Figure 8 illustrates a data processing apparatus implementation for handling two micro-threads (threadlets). Fetch and decode circuitry 705a, 705b is provided for each of the threadlets. These fetch and decode instructions into issue queues 710a, 710b, which store the fetched and decoded instructions in program order (for instance). An instruction picker 735 picks an instruction for execution form the issue queues 710a, 710b. Input operands for the picked instructions are stored, in association with each other, in reservation stations 740a, 740b. These enable out of order execution of the instructions by storing instruction input operands and monitoring results generated by the execution pipelines for operand forwarding. The reservation stations are associated with execution units 745a, 745b (e.g. one reservation station per execution unit). Thus, when the operands for an instruction in a reservation station become available, they can be provided to the associated execution unit for execution.
Out of order execution can be achieved at each of the reservation stations via rename circuitry. As with other elements of the system 700, the rename circuitry is duplicated for each of the micro-threads that are able to execute simultaneously. There is therefore provided Architectural Register Files 715a, 715b, which illustrate non-speculative values of the architectural registers (e.g. for instructions that have successfully executed and been committed in program order, the mapping of physical registers to architectural registers). In the event of a pipeline flush, the values of the ARF are restored. Reorder Buffers 725a, 725b keeps track of the original program order of instructions that have been issued and stores the speculative result of each instruction.
When the instruction is committed, the speculative result is propagated from the ROB entry to the specified register in the ARF. Within each ROB, a commit pointer points to the entry (instruction) that is next to be committed (e.g. in program order). Meanwhile, an issue pointer points to the next location to which an instruction will be added to the ROB. Finally, Register Alias Tables 720a, 720b indicate where the latest mappings for architectural registers can be found. An entry of the RAT can point to mappings in the ARF 715a, 715b or to entries in the ROB 725a, 725b depending on whether the instruction that writes to the architectural register is committed or not respectively. False dependencies can be removed by creating a new entry in the RAT 720a, 720b for each new value being generated by an instruction. In this way, each new value generated by an instruction is stored to a new (physical) register.
An instruction that exits the execution circuitry 745a, 745b is therefore stored in the relevant ROB 725a, 725b depending on which micro-thread the instruction was being executed for. The RAT 720a, 720b will point to that instruction in the ROB until such time as the instruction is committed. At that point, the RAT for that register will point to an entry of the RAF, which provides the mapping from an architectural register to a physical register.

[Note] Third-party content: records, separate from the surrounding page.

definition Disc :: "real \<Rightarrow> (nat \<Rightarrow> real) \<Rightarrow> real" where
  "Disc lam v = (\<Sum>i. lam ^ i * v i)"

definition disc_val :: "'a pwa \<Rightarrow> (nat \<Rightarrow> 'a) \<Rightarrow> (nat \<Rightarrow> nat) \<Rightarrow> real" where
  "disc_val A w r = Disc (pwa_disc A) (weight_seq A w r)"

definition run_space :: "(nat \<Rightarrow> nat) measure" where
  "run_space = PiM UNIV (\<lambda>_. count_space UNIV)"

definition run_prob :: "'a pwa \<Rightarrow> (nat \<Rightarrow> 'a) \<Rightarrow> (nat \<Rightarrow> nat) measure" where
  "run_prob A w = (THE M. prob_space M \<and> sets M = sets run_space \<and>
     (\<forall>n q. emeasure M {r \<in> space M. \<forall>i\<le>n. r i = q i}
        = ennreal (pwa_init A (q 0) * (\<Prod>i<n. pwa_trans A (q i) (w i) (q (Suc i))))))"

definition NDisc_lang :: "'a pwa \<Rightarrow> (nat \<Rightarrow> 'a) \<Rightarrow> real" where
  "NDisc_lang A w = Sup {disc_val A w r | r. is_run A w r}"

definition UDisc_lang :: "'a pwa \<Rightarrow> (nat \<Rightarrow> 'a) \<Rightarrow> real" where
  "UDisc_lang A w = Inf {disc_val A w r | r. is_run A w r}"

definition PosDisc_lang :: "'a pwa \<Rightarrow> (nat \<Rightarrow> 'a) \<Rightarrow> real" where
  "PosDisc_lang A w = Sup {\<eta>. measure (run_prob A w) {r \<in> space (run_prob A w). disc_val A w r \<ge> \<eta>} > 0}"
lemma reduced_rank2_word:
  assumes "i \<noteq> j" "set u \<subseteq> {i, j}" "reduced M (u @ [i])"
  shows "u = rev (alt_word j i (length u))"
    and "\<And>m::nat. m \<ge> 2 \<Longrightarrow> M i j * M j i = 4 * (cos (pi / real m))\<^sup>2 \<Longrightarrow> length u < m"
proof -
  have r: "reduced M (i # rev u)" using assms(3) reduced_rev[of M "u @ [i]"] by simp
  have "i # rev u = alt_word i j (Suc (length (rev u)))"
    using alt_word_if_no_square[OF assms(1)] assms(2) r not_reduced_square by (metis set_rev)
  then have alt: "i # rev u = alt_word i j (Suc (length u))" by simp
  then show "u = rev (alt_word j i (length u))" by (metis alt_word.simps(2) list.inject rev_rev_ident)
  fix m :: nat assume m: "m \<ge> 2" "M i j * M j i = 4 * (cos (pi / real m))\<^sup>2"
  have "cox_relator M (concat (replicate m [i, j]))" "cox_relator M (concat (replicate m [j, i]))"
    using m assms(1) by (auto intro!: cox_relator.braid simp: mult.commute)
  from reduced_alt_word_le[OF this _ r[unfolded alt]] m show "length u < m" by simp
qed

section \<open>The Coxeter relations hold on \<open>V\<close>\<close>

text \<open>\<open>cheb_U t n\<close> is the Chebyshev polynomial \<open>U\<^sub>n\<^sub>-\<^sub>1(t/2)\<close> of the second kind.\<close>

fun cheb_U :: "real \<Rightarrow> nat \<Rightarrow> real" where
  "cheb_U t 0 = 0"
| "cheb_U t (Suc 0) = 1"
| "cheb_U t (Suc (Suc n)) = t * cheb_U t (Suc n) - cheb_U t n"

lemma cheb_U_cos: "cheb_U (2 * cos f) n * sin f = sin (real n * f)"
proof (induction "2 * cos f" n rule: cheb_U.induct)
  case (3 n)
  have e1: "real (Suc (Suc n)) * f = real (Suc n) * f + f" by (simp add: algebra_simps)
  have e2: "real n * f = real (Suc n) * f - f" by (simp add: algebra_simps)
  have "cheb_U (2 * cos f) (Suc (Suc n)) * sin f
      = 2 * cos f * (cheb_U (2 * cos f) (Suc n) * sin f) - cheb_U (2 * cos f) n * sin f"
    by (simp add: algebra_simps)
  also have "\<dots> = 2 * cos f * sin (real (Suc n) * f) - sin (real n * f)" using 3 by simp
  also have "\<dots> = sin (real (Suc (Suc n)) * f)"
    unfolding e1 e2 sin_add sin_diff by (simp add: algebra_simps)
  finally show ?case .
qed simp_all

lemma cheb_U_mono_nonneg: "2 \<le> t \<Longrightarrow> 0 \<le> cheb_U t n \<and> cheb_U t n \<le> cheb_U t (Suc n)"
proof (induction n)
  case (Suc n)
  then have "0 \<le> cheb_U t n" "cheb_U t n \<le> cheb_U t (Suc n)" by auto
  moreover have "2 * cheb_U t (Suc n) \<le> t * cheb_U t (Suc n)"
    using calculation Suc.prems by (intro mult_right_mono) auto
  ultimately show ?case by simp
qed simp

lemma cheb_U_cos_nonneg:
  assumes "2 \<le> m" "n \<le> m"
  shows "0 \<le> cheb_U (2 * cos (pi / real m)) n"
proof -
  have "sin (pi / real m) > 0" using assms by (intro sin_gt_zero) (auto simp: field_simps)
  moreover have "0 \<le> sin (real n * (pi / real m))"
    using assms by (intro sin_ge_zero) (auto simp: field_simps)
  ultimately show ?thesis using cheb_U_cos by (metis zero_le_mult_iff not_le order_less_asym)
qed

lemma cos_pi_div_sq_lt_1:
  assumes "2 \<le> k"
  shows "(cos (pi / real k))\<^sup>2 < 1"
proof -
  have "0 < pi / real k" "pi / real k < pi" using assms by (auto simp: field_simps)
  then have "sin (pi / real k) > 0" by (rule sin_gt_zero)
  then show ?thesis using sin_cos_squared_add[of "pi / real k"] by (smt (verit) zero_less_power)
qed

text \<open>The product \<open>s\<^sub>i s\<^sub>j\<close> restricted to the span of \<open>\<alpha>\<^sub>i, \<alpha>\<^sub>j\<close>, with \<open>c = M\<^sub>i\<^sub>j\<close> and \<open>d = M\<^sub>j\<^sub>i\<close>.\<close>

definition rank2_step :: "real \<Rightarrow> real \<Rightarrow> real \<times> real \<Rightarrow> real \<times> real" where
  "rank2_step c d z = ((c * d - 1) * fst z + c * snd z, - d * fst z - snd z)"
text \<open>Objects are pairs (A,a) with a a restriction idempotent on A; a morphism
  f : (A,a) \<rightarrow> (B,b) is recorded as the triple ((A,a), f, (B,b)).\<close>
definition L_objs :: "('o,'a,'m) rcat_scheme \<Rightarrow> ('o \<times> 'a) set" where
  "L_objs X = {(A, a). A \<in> cObj X \<and> restriction_idempotent X A a}"

definition L :: "('o,'a,'m) rcat_scheme \<Rightarrow> ('o \<times> 'a, ('o \<times> 'a) \<times> 'a \<times> ('o \<times> 'a)) lcat" where
  "L X = \<lparr> cObj = L_objs X,
           cArr = {(s, f, t). s \<in> L_objs X \<and> t \<in> L_objs X \<and> f \<in> hom X (fst s) (fst t) \<and>
                              cRst X f = snd s \<and> cComp X f (snd t) = f},
           cDom = (\<lambda>(s, f, t). s),
           cCod = (\<lambda>(s, f, t). t),
           cId = (\<lambda>(A, a). ((A, a), a, (A, a))),
           cComp = (\<lambda>(s, f, t) (s', g, t'). (s, cComp X f g, t')),
           cL = (\<lambda>(A, a). (A, cId X A)),
           cEta = (\<lambda>(A, a). ((A, a), a, (A, cId X A))) \<rparr>"

definition L_obj :: "('o \<Rightarrow> 'p) \<Rightarrow> ('a \<Rightarrow> 'b) \<Rightarrow> 'o \<times> 'a \<Rightarrow> 'p \<times> 'b" where
  "L_obj Fo Fa = (\<lambda>(A, a). (Fo A, Fa a))"

definition L_arr :: "('o \<Rightarrow> 'p) \<Rightarrow> ('a \<Rightarrow> 'b) \<Rightarrow>
    ('o \<times> 'a) \<times> 'a \<times> ('o \<times> 'a) \<Rightarrow> ('p \<times> 'b) \<times> 'b \<times> ('p \<times> 'b)" where
  "L_arr Fo Fa = (\<lambda>(s, f, t). (L_obj Fo Fa s, Fa f, L_obj Fo Fa t))"

text \<open>On objects (A, id_A) \<mapsto> A; on arrows [(U, f)] \<mapsto> f.\<close>
definition phi_obj :: "'o \<times> 'a \<Rightarrow> 'o" where
  "phi_obj M = fst M"

definition phi_arr :: "(('o \<times> 'a) \<times> ('o \<times> 'a) \<times> 'a \<times> ('o \<times> 'a)) set \<Rightarrow> 'a" where
  "phi_arr c = fst (snd (snd (rrep c)))"

end

(* In L[X] the restriction idempotent of an object is part of the object, so an isomorphism of
   spans compatible with the units eta is an identity: every arrow of R[L[X]] is a singleton
   class {((src f, rst f), f)} for a unique arrow f of X.  A pullback of eta_(B,b) along
   f : (A, rst f) -> (B, 1) is forced to consist of the restriction idempotent rst (f b) on A and
   of f b, so whatever pullback the composition of R chooses, the composite of the classes of f and
   g is the class of f (rst g) g = f g.  Hence f |-> {((src f, rst f), f)} is a bijection onto
   R[L[X]] preserving all the structure, with inverse phi; naturality holds because L[F] and
   R[L[F]] act componentwise. *)

theory Submission
  imports Defs
begin
(* Let $R$ be a ring, $B\in R^{m\times k}$, $B'\in R^{m\times(n-k)}$, and $\phi={}_B\phi_{B'}$. Then \[ \mathrm{Defect}(\mathcal B(\phi,-))\;\cong\;\frac{R^{1\times k}}{\{\,yB\mid y\in R^{1\times m},\ yB'=0\,\}} \] as left $R$-modules.
   Context: Let $R$ be a ring; $R\text{-}\mathbf{mod}$ denotes finitely presented left $R$-modules. $R\text{-}\mathbf{mod}\text{-}\mathbf{mod}$ is the category of finitely presented additive functors $R\text{-}\mathbf{mod}\to\mathbf{Ab}$. If $\mathcal G\in R\text{-}\mathbf{mod}\text{-}\mathbf{mod}$ has a presentation $\operatorname{Hom}(N',-)\xrightarrow{\operatorname{Hom}(\alpha,-)}\operatorname{Hom}(N,-)\to\mathcal G\to0$ with $\alpha:N\to N'$ in $R\text{-}\mathbf{mod}$, its (contravariant) defect is $\mathrm{Defect}(\mathcal G):=\ker(\alpha)$ computed in the category of left $R$-modules; this is well defined up to isomorphism (it is the value at $\mathcal G$ of the unique exact functor $R\text{-}\mathbf{mod}\text{-}\mathbf{mod}\to(R\text{-}\mathbf{Mod})^{\mathrm{op}}$ sending the forgetful functor $\mathcal F=\operatorname{Hom}(R,-)$ to $R^{1\times1}$ and $r:\mathcal F\to\mathcal F$ to right multiplication by $r$). A pp formula ${}_B\phi_{B'}$ is given by $B\in R^{m\times k}$, $B'\in R^{m\times(n-k)}$, and $\mathcal B(\phi,M)=\{\omega\in M^{k\times1}\mid\exists\,\omega'\in M^{(n-k)\times1}: B\omega+B'\omega'=0\}$; $\mathcal B(\phi,-)$ (restricted to $R\text{-}\mathbf{mod}$) lies in $R\text{-}\mathbf{mod}\text{-}\mathbf{mod}$. *)

theory Defs
  imports Main "HOL-Library.FuncSet"
begin

record ('r, 'm) lmod =
  mcar :: "'m set"
  madd :: "'m \<Rightarrow> 'm \<Rightarrow> 'm"
  mzero :: "'m"
  msmul :: "'r \<Rightarrow> 'm \<Rightarrow> 'm"

definition lmodule :: "('r::ring_1, 'm) lmod \<Rightarrow> bool" where
  "lmodule M \<longleftrightarrow>
     mzero M \<in> mcar M \<and>
     (\<forall>x\<in>mcar M. \<forall>y\<in>mcar M. madd M x y \<in> mcar M) \<and>
     (\<forall>x\<in>mcar M. \<forall>y\<in>mcar M. \<forall>z\<in>mcar M. madd M (madd M x y) z = madd M x (madd M y z)) \<and>
     (\<forall>x\<in>mcar M. \<forall>y\<in>mcar M. madd M x y = madd M y x) \<and>
     (\<forall>x\<in>mcar M. madd M (mzero M) x = x) \<and>
     (\<forall>x\<in>mcar M. \<exists>y\<in>mcar M. madd M x y = mzero M) \<and>
     (\<forall>r. \<forall>x\<in>mcar M. msmul M r x \<in> mcar M) \<and>
     (\<forall>r. \<forall>x\<in>mcar M. \<forall>y\<in>mcar M. msmul M r (madd M x y) = madd M (msmul M r x) (msmul M r y)) \<and>
     (\<forall>r s. \<forall>x\<in>mcar M. msmul M (r + s) x = madd M (msmul M r x) (msmul M s x)) \<and>
     (\<forall>r s. \<forall>x\<in>mcar M. msmul M (r * s) x = msmul M r (msmul M s x)) \<and>
     (\<forall>x\<in>mcar M. msmul M 1 x = x)"

definition lhom :: "('r::ring_1, 'm) lmod \<Rightarrow> ('r, 'n) lmod \<Rightarrow> ('m \<Rightarrow> 'n) \<Rightarrow> bool" where
  "lhom M N f \<longleftrightarrow> f \<in> mcar M \<rightarrow> mcar N \<and>
     (\<forall>x\<in>mcar M. \<forall>y\<in>mcar M. f (madd M x y) = madd N (f x) (f y)) \<and>
     (\<forall>r. \<forall>x\<in>mcar M. f (msmul M r x) = msmul N r (f x))"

Only one threadlet is allowed to be globally non-speculative. When a sync instruction is executed by a micro-thread or threadlet, and all the other micro-threads or threadlets have executed a reattach instruction, the architectural states of the threadlets need to be merged. For registers, this means that the contents of the ARFs need to be merged: if a register has been written by a threadlet since its creation, then that register holds the latest value for that particular epoch, otherwise the register value for that epoch should be gathered recursively from the older micro-threads -this behaviour can be enabled by adding a write bit to the entries in the ARF that is set upon writing the corresponding register). If multiple micro-threads have therefore written to a register then the 'true' value of the register after the reattachment will be the value stored in the youngest micro-thread that has written to the register. Clearly if no micro-thread wrote to a register then the value of that register remains unchanged.
Within this system, the send and receive instructions make use of mailbox circuitries 730a, 730b, which are provided for each micro-thread or threadlet that executes simultaneously. When a send instruction is encountered the instruction is only able to proceed provided there is an entry available within the mailbox 720a, 730b of that micro-thread. If there is space then when the send instruction completes, a new entry is added to the mailbox of that micro-thread. The entry includes a message ID, which is indicative of the resource for which the send instruction relates. For instance, where the resource is a register, this might be the register ID. The entry also includes a message type that indicates what the resource type is. Where the resource is a register, the optional register value field makes it possible to specify the register value so that this can be passed around efficiently. Finally, a validity entry can be used to indicate whether the entry of the mailbox is valid.
As an alternative to waiting for the send instruction to complete before adding the entry, it is also possible for the entry to be added to the mailbox as part of the execution of the send instruction. In this case, it is necessary to provide further metadata to track the speculation state or the send instruction and to respond appropriately in the case of a mispeculation. Part of the response to mispeculation (e.g. following the wrong branch in branch prediction) would involve squashing instructions across threadlets. The links between send and receive pairs can be stored as an additional field within the mailbox circuitry so that instructions that are executed as a consequence of a mispredicted send instruction can also be squashed.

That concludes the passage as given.